What happens when we die? I asked my friend Vic yesterday. Vic is my builder and my friend who died last week introduced him to me five years ago. Vic turned seventy while he built my extension. He’s seventy five now. We’ve talked a lot in the years of our friendship, mostly about steel beams and building regs and cement (always so much cement), windows and doors and bricks and type one mot hardcore, plumbing, electrics, his kids, my kid, his grandchildren, his wife’s knee operation, my ex. Seamlessly our conversation changed after building work was complete, we became friends thanks to our friend who died last week.
When I told him on Sunday night that our friend had died, he said he would drive to see me. And outside my front door we embraced yesterday lunchtime, there were no words that would adequately express our shock and grief and guilt (our friend ended his own life). But inside, as we sat on my sofa in the kitchen having eaten fried egg sandwiches in honour of our friend, I asked him: what happens when we die, Vic?
He wouldn’t tell me at first. He said I would think he was weird. But I pressed him. I needed to know. I looked at him as if he had all the answers. I was willing to accept whatever he told me in that moment just to make sense of something so senseless that had happened.
And so he told me. He told me that time does not exist, not really. Not up in space, he said, only here on earth. When you go to sleep, you don’t feel like you’ve slept for eight hours, do you? If someone killed you and woke you up after a week, you wouldn’t know it had been a week, would you? I shook my head. So time doesn’t exist, he said, and so we never die, we’re just reborn again and again and again.
Ok, I said. I pointed at my black cat Derek and said so… and he said, I know what you’re going to ask me and I haven’t figured it all out. Ok, I said.
We had laughed that afternoon about all the funny times we’d had with our friend. And we did, so many laughs. We talked about how guilty we felt, guilty that we couldn’t have made a difference.
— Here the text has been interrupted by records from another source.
definition sum_cond :: "(nat \<times> nat) set \<Rightarrow> (nat \<Rightarrow> real) \<Rightarrow> (nat \<times> nat \<Rightarrow> 'a::real_normed_vector) \<Rightarrow> (nat \<Rightarrow> 'a) \<Rightarrow> bool" where
  "sum_cond E h \<phi> f \<longleftrightarrow> (\<forall>T>0. \<forall>\<epsilon>>0. \<exists>N. \<forall>n\<ge>N. \<forall>k. n + 1 \<le> k \<and> k \<le> mfun h (tau h n + T) \<longrightarrow>
       norm (\<Sum>i\<in>{n..<k}. h (Suc i) *\<^sub>R (fhat_next E h \<phi> i - f i)) < \<epsilon>)"

definition asym_sim ::
  "'a::euclidean_space set \<Rightarrow> ('a \<Rightarrow> 'a set) \<Rightarrow> 'a set \<Rightarrow> ('a \<Rightarrow> 'a set) \<Rightarrow>
   (nat \<times> nat) set \<Rightarrow> (nat \<times> nat \<Rightarrow> 'a) \<Rightarrow> (nat \<Rightarrow> real) \<Rightarrow> bool" where
  "asym_sim C F D G E \<phi> h \<longleftrightarrow>
     bounded_complete_hseq E \<phi> \<and> admissible h \<and>
     (complete_k E \<longrightarrow> (\<exists>f::nat \<Rightarrow> 'a. bounded (range f) \<and>
         acc_pts (\<lambda>k. (\<phi> (k, jbar E k), f k)) \<subseteq> gph_on C F \<and> sum_cond E h \<phi> f)) \<and>
     (complete_j E \<longrightarrow>
         acc_pts (\<lambda>j. (\<phi> (kbar E j, j), \<phi> (kbar E j, Suc j))) \<subseteq> gph_on D G)"

definition F1 :: "('s \<times> 'f \<Rightarrow> 's set) \<Rightarrow> ('s \<times> 'f \<Rightarrow> 'f set) \<Rightarrow> 's \<times> 'f \<Rightarrow> ('s \<times> 'f) set" where
  "F1 Fs Ff x = Fs x \<times> Ff x"

definition tt_asym_sim ::
  "('s::euclidean_space \<times> 'f::euclidean_space) set \<Rightarrow> ('s \<times> 'f \<Rightarrow> 's set) \<Rightarrow> ('s \<times> 'f \<Rightarrow> 'f set) \<Rightarrow>
   ('s \<times> 'f) set \<Rightarrow> ('s \<times> 'f \<Rightarrow> ('s \<times> 'f) set) \<Rightarrow>
   (nat \<times> nat) set \<Rightarrow> (nat \<times> nat \<Rightarrow> 's \<times> 'f) \<Rightarrow> (nat \<Rightarrow> real) \<Rightarrow> (nat \<Rightarrow> real) \<Rightarrow> bool" where
  "tt_asym_sim C Fs Ff D G E \<Phi> hs hf \<longleftrightarrow>
     bounded_complete_hseq E \<Phi> \<and> tt_admissible hs hf \<and>
     (complete_k E \<longrightarrow> (\<exists>f::nat \<Rightarrow> 's \<times> 'f. bounded (range f) \<and>
         acc_pts (\<lambda>k. (\<Phi> (k, jbar E k), f k)) \<subseteq> gph_on C (F1 Fs Ff) \<and>
         sum_cond E hs (\<lambda>p. fst (\<Phi> p)) (\<lambda>k. fst (f k)) \<and>
         sum_cond E hf (\<lambda>p. snd (\<Phi> p)) (\<lambda>k. snd (f k)))) \<and>
     (complete_j E \<longrightarrow>
         acc_pts (\<lambda>j. (\<Phi> (kbar E j, j), \<Phi> (kbar E j, Suc j))) \<subseteq> gph_on D G)"

definition LambdaR :: "('s \<Rightarrow> 'f set) \<Rightarrow> ('s \<times> 'f) set \<Rightarrow> 's \<Rightarrow> 'f set" where
  "LambdaR \<Lambda> S xs = {xf. xf \<in> \<Lambda> xs \<and> (xs, xf) \<in> S}"

definition CR :: "('s \<Rightarrow> 'f set) \<Rightarrow> ('s \<times> 'f) set \<Rightarrow> 's set" where
  "CR \<Lambda> C = {xs. LambdaR \<Lambda> C xs \<noteq> {}}"

definition DR :: "('s \<Rightarrow> 'f set) \<Rightarrow> ('s \<times> 'f) set \<Rightarrow> 's set" where
  "DR \<Lambda> D = {xs. LambdaR \<Lambda> D xs \<noteq> {}}"

definition FR :: "('s \<Rightarrow> 'f set) \<Rightarrow> ('s \<times> 'f) set \<Rightarrow> ('s \<times> 'f \<Rightarrow> 's::real_normed_vector set) \<Rightarrow> 's \<Rightarrow> 's set" where
  "FR \<Lambda> C Fs xs = closure (convex hull {fs. \<exists>xf \<in> LambdaR \<Lambda> C xs. fs \<in> Fs (xs, xf)})"

definition GR :: "('s \<Rightarrow> 'f set) \<Rightarrow> ('s \<times> 'f) set \<Rightarrow> ('s \<times> 'f \<Rightarrow> ('s \<times> 'f) set) \<Rightarrow> 's \<Rightarrow> 's set" where
  "GR \<Lambda> D G xs = {gs. \<exists>xf \<in> LambdaR \<Lambda> D xs. gs \<in> fst ` G (xs, xf)}"

end

theory Submission
  imports Defs
begin

text \<open>Every accumulation point of (\<phi>_s, f_s) along the flow indices, resp. of (\<phi>_s, \<phi>_s+)
  along the jump indices, is the slow projection of an accumulation point of (\<Phi>, f), resp.
  (\<Phi>, \<Phi>+), since these pairs are bounded. The latter lies in the graph of F1 on C, resp. of G
  on D, and its state (x_s, x_f) is a limit of \<Phi> along indices tending to infinity, so it lies
  in \<omega>(\<Phi>) and hence x_f is in \<Lambda>(x_s). The slow increments and their summation condition are
  inherited unchanged.\<close>

definition hsd_rows :: "nat \<Rightarrow> (nat \<Rightarrow> nat) \<Rightarrow> (nat \<times> nat) set" where
  "hsd_rows J kk = (\<Union>j<J. {kk j..kk (Suc j)} \<times> {j})"

lemma mem_hsd_rows_iff [simp]:
  "(k, j) \<in> hsd_rows J kk \<longleftrightarrow> j < J \<and> kk j \<le> k \<and> k \<le> kk (Suc j)"
  unfolding hsd_rows_def by auto

lemma hsd_compact_pieceE:
  assumes "hsd E" "x \<in> E"
  obtains J kk where "kk 0 = 0" "\<forall>j<J. kk j \<le> kk (Suc j)" "x \<in> hsd_rows J kk"
    "hsd_rows J kk \<subseteq> E"
proof -
  obtain S :: "nat \<Rightarrow> (nat \<times> nat) set" where S: "\<forall>i. compact_hsd (S i)" "E = (\<Union>i. S i)"
    using assms(1) unfolding hsd_def by metis
  then obtain P where "compact_hsd P" "x \<in> P" "P \<subseteq> E"
    using assms(2) by auto
  moreover from \<open>compact_hsd P\<close> obtain J kk where "kk 0 = 0" "\<forall>j<J. kk j \<le> kk (Suc j)"
    "P = hsd_rows J kk"
    unfolding compact_hsd_def hsd_rows_def by blast
  ultimately show ?thesis
    using that by simp
qed

lemma breakpoint_interval_exists:
  fixes kk :: "nat \<Rightarrow> 'a::linorder"
  assumes "kk 0 \<le> b" "b \<le> kk (Suc j)"
  shows "\<exists>j'\<le>j. kk j' \<le> b \<and> b \<le> kk (Suc j')"
  using assms(2)
proof (induction j)
  case 0
  then show ?case using assms(1) by auto
next
  case (Suc j)
  show ?case
  proof (cases "b \<le> kk (Suc j)")
    case True
    then show ?thesis using Suc.IH le_SucI by blast
  next
    case False
    then show ?thesis using Suc.prems by (intro exI[of _ "Suc j"]) simp
  qed
qed

lemma hsd_fst_downward_closed:
  assumes "hsd E" "(a, j) \<in> E" "b \<le> a"
  shows "\<exists>j'. (b, j') \<in> E"
proof -
  obtain J kk where kk: "kk 0 = 0" "\<forall>j<J. kk j \<le> kk (Suc j)" "(a, j) \<in> hsd_rows J kk"
    "hsd_rows J kk \<subseteq> E"
    by (rule hsd_compact_pieceE[OF assms(1,2)])
  then have "j < J" "kk 0 \<le> b" "b \<le> kk (Suc j)"
    using assms(3) by auto
  then obtain j' where "j' \<le> j" "kk j' \<le> b" "b \<le> kk (Suc j')"
    using breakpoint_interval_exists[of kk b j] by blast
  then have "(b, j') \<in> hsd_rows J kk"
    using \<open>j < J\<close> by simp
  then show ?thesis
    using kk(4) by blast
qed

lemma hsd_snd_downward_closed:
  assumes "hsd E" "(a, j) \<in> E" "j' \<le> j"
  shows "\<exists>a'. (a', j') \<in> E"
proof -
  obtain J kk where kk: "kk 0 = 0" "\<forall>j<J. kk j \<le> kk (Suc j)" "(a, j) \<in> hsd_rows J kk"
    "hsd_rows J kk \<subseteq> E"
    by (rule hsd_compact_pieceE[OF assms(1,2)])
  then have "(kk j', j') \<in> hsd_rows J kk"
    using assms(3) by simp
  then show ?thesis
    using kk(4) by blast
qed

text \<open>If the first row containing k + 1 started exactly at k + 1, the previous row would end at
  k + 1 as well, contradicting minimality (row 0 starts at 0 \<noteq> k + 1).\<close>
lemma hsd_jbar_mem:
  assumes "hsd E" "(Suc k, j) \<in> E"
  shows "(k, jbar E k) \<in> E"
proof -
  let ?j = "jbar E k"
  have jbar_mem: "(Suc k, ?j) \<in> E"
    unfolding jbar_def using Inf_nat_def1[of "{j. (Suc k, j) \<in> E}"] assms(2) by auto
  have jbar_least: "?j \<le> j'" if "(Suc k, j') \<in> E" for j'
    unfolding jbar_def using that by (simp add: wellorder_Inf_le1)
  obtain J kk where kk: "kk 0 = 0" "\<forall>j<J. kk j \<le> kk (Suc j)" "(Suc k, ?j) \<in> hsd_rows J kk"
    "hsd_rows J kk \<subseteq> E"
    by (rule hsd_compact_pieceE[OF assms(1) jbar_mem])
  show ?thesis
  proof (cases "kk ?j \<le> k")
    case True
    then have "(k, ?j) \<in> hsd_rows J kk"
      using kk(3) by simp
    then show ?thesis
      using kk(4) by blast
  next
    case False
    then have start: "kk ?j = Suc k"
      using kk(3) by simp
    then obtain p where p: "?j = Suc p"
      using kk(1) by (cases ?j) auto
    moreover have "p < J"
      using kk(3) p by simp
    ultimately have "(Suc k, p) \<in> hsd_rows J kk"
      using kk(2) start by auto
    then show ?thesis
      using kk(4) jbar_least p by fastforce
  qed
qed

lemma hsd_kbar_mem:
  assumes "hsd E" "(a, Suc j) \<in> E"
  shows "(kbar E j, j) \<in> E" "(kbar E j, Suc j) \<in> E"
proof -
  show kbar_mem: "(kbar E j, Suc j) \<in> E"
    unfolding kbar_def using Inf_nat_def1[of "{k. (k, Suc j) \<in> E}"] assms(2) by auto
  obtain J kk where kk: "kk 0 = 0" "\<forall>j<J. kk j \<le> kk (Suc j)"
    "(kbar E j, Suc j) \<in> hsd_rows J kk" "hsd_rows J kk \<subseteq> E"
    by (rule hsd_compact_pieceE[OF assms(1) kbar_mem])
  then have "(kk (Suc j), Suc j) \<in> E"
    by auto
  then have "kbar E j \<le> kk (Suc j)"
    unfolding kbar_def by (simp add: wellorder_Inf_le1)
  then have "(kbar E j, j) \<in> hsd_rows J kk"
    using kk(2,3) by (auto dest: Suc_lessD)
  then show "(kbar E j, j) \<in> E"
    using kk(4) by blast
qed

lemma complete_k_jbar_mem:
  assumes "hsd E" "complete_k E"
  shows "(k, jbar E k) \<in> E"
proof -
  obtain a j where "Suc k \<le> a" "(a, j) \<in> E"
    using assms(2) unfolding complete_k_def infinite_nat_iff_unbounded_le by force
  then obtain j' where "(Suc k, j') \<in> E"
    using hsd_fst_downward_closed[OF assms(1)] by blast
  then show ?thesis
    by (rule hsd_jbar_mem[OF assms(1)])
qed

lemma complete_j_kbar_mem:
  assumes "hsd E" "complete_j E"
  shows "(kbar E j, j) \<in> E" "(kbar E j, Suc j) \<in> E"
proof -
  obtain a b where "Suc j \<le> b" "(a, b) \<in> E"
    using assms(2) unfolding complete_j_def infinite_nat_iff_unbounded_le by force
  then obtain a' where "(a', Suc j) \<in> E"
    using hsd_snd_downward_closed[OF assms(1)] by blast
  then show "(kbar E j, j) \<in> E" "(kbar E j, Suc j) \<in> E"
    using hsd_kbar_mem[OF assms(1)] by blast+
qed

lemma bounded_complete_hseq_fst:
  assumes "bounded_complete_hseq E \<Phi>"
  shows "bounded_complete_hseq E (\<lambda>p. fst (\<Phi> p))"
proof -
  have "(\<lambda>p. fst (\<Phi> p)) ` E = fst ` \<Phi> ` E"
    by auto
  then show ?thesis
    using assms bounded_fst unfolding bounded_complete_hseq_def by metis
qed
I reassured him we couldn’t. But I was reassuring myself. I still am.
After two hours he got up to leave, it would take him an hour to get home. Is our friend ok now? I asked him.
Well, he died before and it didn’t do him any harm, Vic said, based on his theory that we’re just reborn and reborn.
And I was willing to accept that. It would be explanation enough. Something to make sense of something so senseless. Something to hold onto.
We don’t always have to have the right answers, and we don’t always have to have words. Sometimes there aren’t any words, even for those of us who make a living from them. Or at least use them to make more sense of the world.
I must write here that the friend we lost was the kindest man I have ever known, and will ever know. I know that. If you know one thing about him, it must be that. Not that it matters now.
I borrowed the title of this post from a non-fiction flash essay by Brenda Miller. I’m posting it below because it speaks to me and how I’m feeling. But also, I love this idea in her essay, of a group of students giving shape and texture and physical sensation to their words. Perhaps you might like to think of some words you have written, and ask yourself, if you could make them physical, how might you do it? How might we feel your words with our hands?
Or maybe we would just acknowledge the space around them.
Sometimes there are no words.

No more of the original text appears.